lemma diag_gconv:
  assumes F: "diag_supported F" and G: "diag_supported G"
  shows "diag j (gconv F G) = (\<Sum>i\<le>j. diag i F * diag (j - i) G)"
proof (rule fps_ext)
  fix n
  let ?t = "\<lambda>k i. F k (int i - int k) * G (n - k) (int (j - i) - int (n - k))"
  have "(\<Sum>m\<in>{- int n..int j}. F k m * G (n - k) (int j - int n - m)) = (\<Sum>i\<le>j. ?t k i)"
    if k: "k \<le> n" for k
  proof -
    have "(\<Sum>m\<in>{- int n..int j}. F k m * G (n - k) (int j - int n - m))
        = (\<Sum>m\<in>{- int k..int j - int k}. F k m * G (n - k) (int j - int n - m))"
    proof (rule sum.mono_neutral_right)
      show "\<forall>m\<in>{- int n..int j} - {- int k..int j - int k}. F k m * G (n - k) (int j - int n - m) = 0"
      proof
        fix m assume "m \<in> {- int n..int j} - {- int k..int j - int k}"
        then have "m < - int k \<or> int j - int n - m < - int (n - k)" using k by auto
        then show "F k m * G (n - k) (int j - int n - m) = 0"
          using diag_supportedD[OF F] diag_supportedD[OF G] by auto
      qed
    qed (use k in auto)
    also have "\<dots> = (\<Sum>i\<le>j. ?t k i)"
      by (rule sum.reindex_bij_witness[of _ "\<lambda>i. int i - int k" "\<lambda>m. nat (m + int k)"])
        (use k in \<open>auto simp: of_nat_diff algebra_simps\<close>)
    finally show ?thesis .
  qed
  then have "diag j (gconv F G) $ n = (\<Sum>k\<le>n. \<Sum>i\<le>j. ?t k i)"
    by (simp add: gconv_def)
  also have "\<dots> = (\<Sum>i\<le>j. \<Sum>k\<le>n. ?t k i)"
    by (rule sum.swap)
  also have "\<dots> = (\<Sum>i\<le>j. diag i F * diag (j - i) G) $ n"
    by (simp add: fps_sum_nth fps_mult_nth atLeast0AtMost)
  finally show "diag j (gconv F G) $ n = (\<Sum>i\<le>j. diag i F * diag (j - i) G) $ n" .
qed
================
Going through the listing above, count the lines in which the word "then" appears, and give only the number.

■ Answer
3